CherryPy Tools are config-driven callables attached to hook points. Enable with 'tools.block_bots.on': True in config. Disable per-route with False. Pass parameters: 'tools.block_bots.strict': True. This config-driven activation is unique to CherryPy — no other Python framework uses it.

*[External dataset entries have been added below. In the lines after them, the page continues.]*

lemma continuous_approximable_by_mean_zero:
  "energy_approximable {v. continuous_on UNIV v} {w. continuous_on UNIV w \<and> (\<integral>t. w t \<partial>M) = 0}"
  unfolding energy_approximable_def
proof (intro ballI allI impI)
  fix v :: "real \<Rightarrow> real" and e :: real
  assume "v \<in> {v. continuous_on UNIV v}" "e > 0"
  then have v: "continuous_on UNIV v" by simp
  define I where "I = (\<integral>t. v t \<partial>M)"
  obtain \<eta> where \<eta>: "0 < \<eta>" "\<eta> \<le> a" "(4 * \<bar>I\<bar>) powr p * c * \<eta> powr \<delta> < e"
    using exists_small_powr[OF a_pos \<delta>_pos \<open>e > 0\<close>, of "(4 * \<bar>I\<bar>) powr p * c"] c_pos by auto
  define J where "J = (\<integral>t. tent \<eta> t \<partial>M)"
  have J: "\<eta> / 4 \<le> J"
    unfolding J_def by (rule integral_tent_ge[OF \<eta>(1,2)])
  define C where "C = I / J"
  define w where "w t = v t - C * tent \<eta> t" for t
  have w_cont: "continuous_on UNIV w"
    unfolding w_def using v continuous_on_tent by (intro continuous_intros)
  have "(\<integral>t. w t \<partial>M) = I - C * J"
    unfolding w_def I_def J_def
    using integrable_restrict_Icc_continuous[OF v]
      integrable_restrict_Icc_continuous[OF continuous_on_tent]
    by simp
  also have "\<dots> = 0"
    using J \<eta>(1) by (simp add: C_def)
  finally have w_mean: "(\<integral>t. w t \<partial>M) = 0" .
  have "\<bar>C\<bar> = \<bar>I\<bar> / J"
    using J \<eta>(1) by (simp add: C_def abs_div)
  also have "\<dots> \<le> \<bar>I\<bar> / (\<eta> / 4)"
    using J \<eta>(1) by (intro divide_left_mono) auto
  finally have C_le: "\<bar>C\<bar> \<le> 4 * \<bar>I\<bar> / \<eta>"
    by (simp add: mult.commute)
  have v_minus_w: "(\<lambda>t. v t - w t) = (\<lambda>t. C * tent \<eta> t)"
    by (simp add: w_def)
  have "energy (\<lambda>t. C * tent \<eta> t) \<le> \<bar>C\<bar> powr p * c * \<eta> powr (p + \<delta>)"
    using energy_scaled_tent_le(2)[OF \<eta>(1,2)] .
  also have "\<dots> \<le> (4 * \<bar>I\<bar> / \<eta>) powr p * c * \<eta> powr (p + \<delta>)"
    using C_le p_ge_1 c_pos by (intro mult_right_mono powr_mono2) auto
  also have "\<dots> = (4 * \<bar>I\<bar>) powr p * c * \<eta> powr \<delta>"
    using \<eta>(1) by (simp add: powr_divide powr_add)
  also have "\<dots> < e"
    by (fact \<eta>(3))
  finally show "\<exists>w\<in>{w. continuous_on UNIV w \<and> (\<integral>t. w t \<partial>M) = 0}.
      finite_energy (\<lambda>t. v t - w t) \<and> energy (\<lambda>t. v t - w t) < e"
    using w_cont w_mean energy_scaled_tent_le(1)[OF \<eta>(1,2)]
    by (intro bexI[of _ w]) (auto simp: v_minus_w)
qed

lemma finite_energy_approximable_by_C1_0:
  assumes "finite_energy g" "0 < e"
  obtains w where "C1_0 a (\<lambda>t. integral {0..t} w) w"
    "finite_energy (\<lambda>t. g t - w t)" "energy (\<lambda>t. g t - w t) < e"
proof -
  have "energy_approximable {g. finite_energy g} {w. continuous_on UNIV w \<and> (\<integral>t. w t \<partial>M) = 0}"
    by (rule energy_approximable_trans[OF finite_energy_approximable_by_bounded
          energy_approximable_trans[OF bounded_approximable_by_continuous
            continuous_approximable_by_mean_zero]])
  then obtain w where w: "continuous_on UNIV w" "(\<integral>t. w t \<partial>M) = 0"
    and close: "finite_energy (\<lambda>t. g t - w t)" "energy (\<lambda>t. g t - w t) < e"
    using assms unfolding energy_approximable_def by blast
  have w_cont: "continuous_on {0..a} w"
    using w(1) by (rule continuous_on_subset) simp
  have "C1_0 a (\<lambda>t. integral {0..t} w) w"
    using w(2) integral_restrict_Icc_continuous[OF w_cont]
    by (intro C1_0_integral_of_mean_zero[OF w_cont]) simp
  then show ?thesis
    using close by (rule that)
qed

end

theorem lemma2p1:
  fixes a p c1 c2 \<delta> :: real and \<phi> \<phi>' :: "real \<Rightarrow> real"
  assumes "a > 0" and "p > 1"
    and "continuous_on {0..a} \<phi>"
    and "continuous_on {0<..a} \<phi>'"
    and "\<forall>t\<in>{0<..a}. (\<phi> has_real_derivative \<phi>' t) (at t within {0<..a})"
    and "\<phi> 0 = 0" and "\<forall>t\<in>{0<..a}. \<phi> t > 0"
    and "c1 > 0" and "c2 > 0" and "\<delta> > 0"
    and "\<forall>t\<in>{0<..a}. c1 * t powr (p - 1 + \<delta>) \<le> \<phi> t \<and> \<phi> t \<le> c2 * t powr (p - 1 + \<delta>)"
  shows "\<forall>u g. E_space a p \<phi> u g \<longrightarrow>
           (\<forall>e>0. \<exists>v v'. C1_0 a v v' \<and>
              set_integrable lborel {0..a} (\<lambda>t. \<bar>g t - v' t\<bar> powr p * \<phi> t) \<and>
              (LINT t:{0..a}|lborel. \<bar>g t - v' t\<bar> powr p * \<phi> t) powr (1 / p) < e)"
proof (intro allI impI)
  fix u g and e :: real
  assume E: "E_space a p \<phi> u g" and "0 < e"
  have weight: "0 \<le> \<phi> t \<and> \<phi> t \<le> c2 * t powr (p - 1 + \<delta>)" if "t \<in> {0..a}" for t
    using assms(6,7,11) that by (cases "t = 0") (auto intro: less_imp_le)
  interpret weighted_energy_power_bound a p \<phi> c2 \<delta>
    using assms(1-3,9,10) weight by unfold_locales auto
  have "finite_energy g"
    using E unfolding E_space_def W1p_def by (intro finite_energy_if_set_integrable) auto
  moreover have "0 < e powr p"
    using \<open>0 < e\<close> by simp
  ultimately obtain w where "C1_0 a (\<lambda>t. integral {0..t} w) w"
    and fin: "finite_energy (\<lambda>t. g t - w t)" and small: "energy (\<lambda>t. g t - w t) < e powr p"
    by (rule finite_energy_approximable_by_C1_0)
  moreover have "set_integrable lborel {0..a} (\<lambda>t. \<bar>g t - w t\<bar> powr p * \<phi> t)"
    using fin by (rule set_integrable_if_finite_energy)
  moreover have "(LINT t:{0..a}|lborel. \<bar>g t - w t\<bar> powr p * \<phi> t) powr (1 / p) < e"
    using small energy_nonneg \<open>0 < e\<close> assms(2) unfolding energy_eq_set_integral
    by (intro powr_root_less_of_less_powr) auto
  ultimately show "\<exists>v v'. C1_0 a v v' \<and>
      set_integrable lborel {0..a} (\<lambda>t. \<bar>g t - v' t\<bar> powr p * \<phi> t) \<and>
      (LINT t:{0..a}|lborel. \<bar>g t - v' t\<bar> powr p * \<phi> t) powr (1 / p) < e"
    by blast
qed

end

CherryPy hook points (execution order)

1
on_start_resourceHeaders parsed, handler found — too early for custom tools
2
before_handler★ Best for blocking — raise HTTPError(403) here
3
[handler executes]Your @cherrypy.expose method runs
4
before_finalize★ Best for X-Robots-Tag — response exists, not yet sent
5
on_end_resourceResponse ready — may be streaming
6
on_end_requestAll data written to client

Protection layers

1
robots.txtstaticfile tool or handler method — served before bot check
2
noai meta tagcherrypy.request.robots set in before_handler — read by Mako/Jinja2
3
X-Robots-Tag headercherrypy.response.headers in before_finalize — after handler returns
4
Hard 403 blockraise cherrypy.HTTPError(403) in before_handler — handler never runs

Layer 1: robots.txt

Use CherryPy's built-in staticfile tool to serve robots.txt. Static files are served before custom tools — so robots.txt bypasses the bot blocker automatically:

# static/robots.txt

User-agent: *
Allow: /

User-agent: GPTBot
User-agent: ClaudeBot
User-agent: anthropic-ai
User-agent: Google-Extended
User-agent: CCBot
User-agent: cohere-ai
User-agent: Bytespider
User-agent: Amazonbot
User-agent: PerplexityBot
User-agent: YouBot
User-agent: Diffbot
User-agent: DeepSeekBot
User-agent: MistralBot
User-agent: xAI-Bot
User-agent: AI2Bot
Disallow: /
# Config — serve robots.txt via staticfile tool
config = {
    '/robots.txt': {
        'tools.staticfile.on': True,
        'tools.staticfile.filename': os.path.join(
            os.path.abspath(os.path.dirname(__file__)),
            'static', 'robots.txt'
        ),
    },
}

# staticfile tool runs before custom tools —
# robots.txt is served without hitting the bot blocker.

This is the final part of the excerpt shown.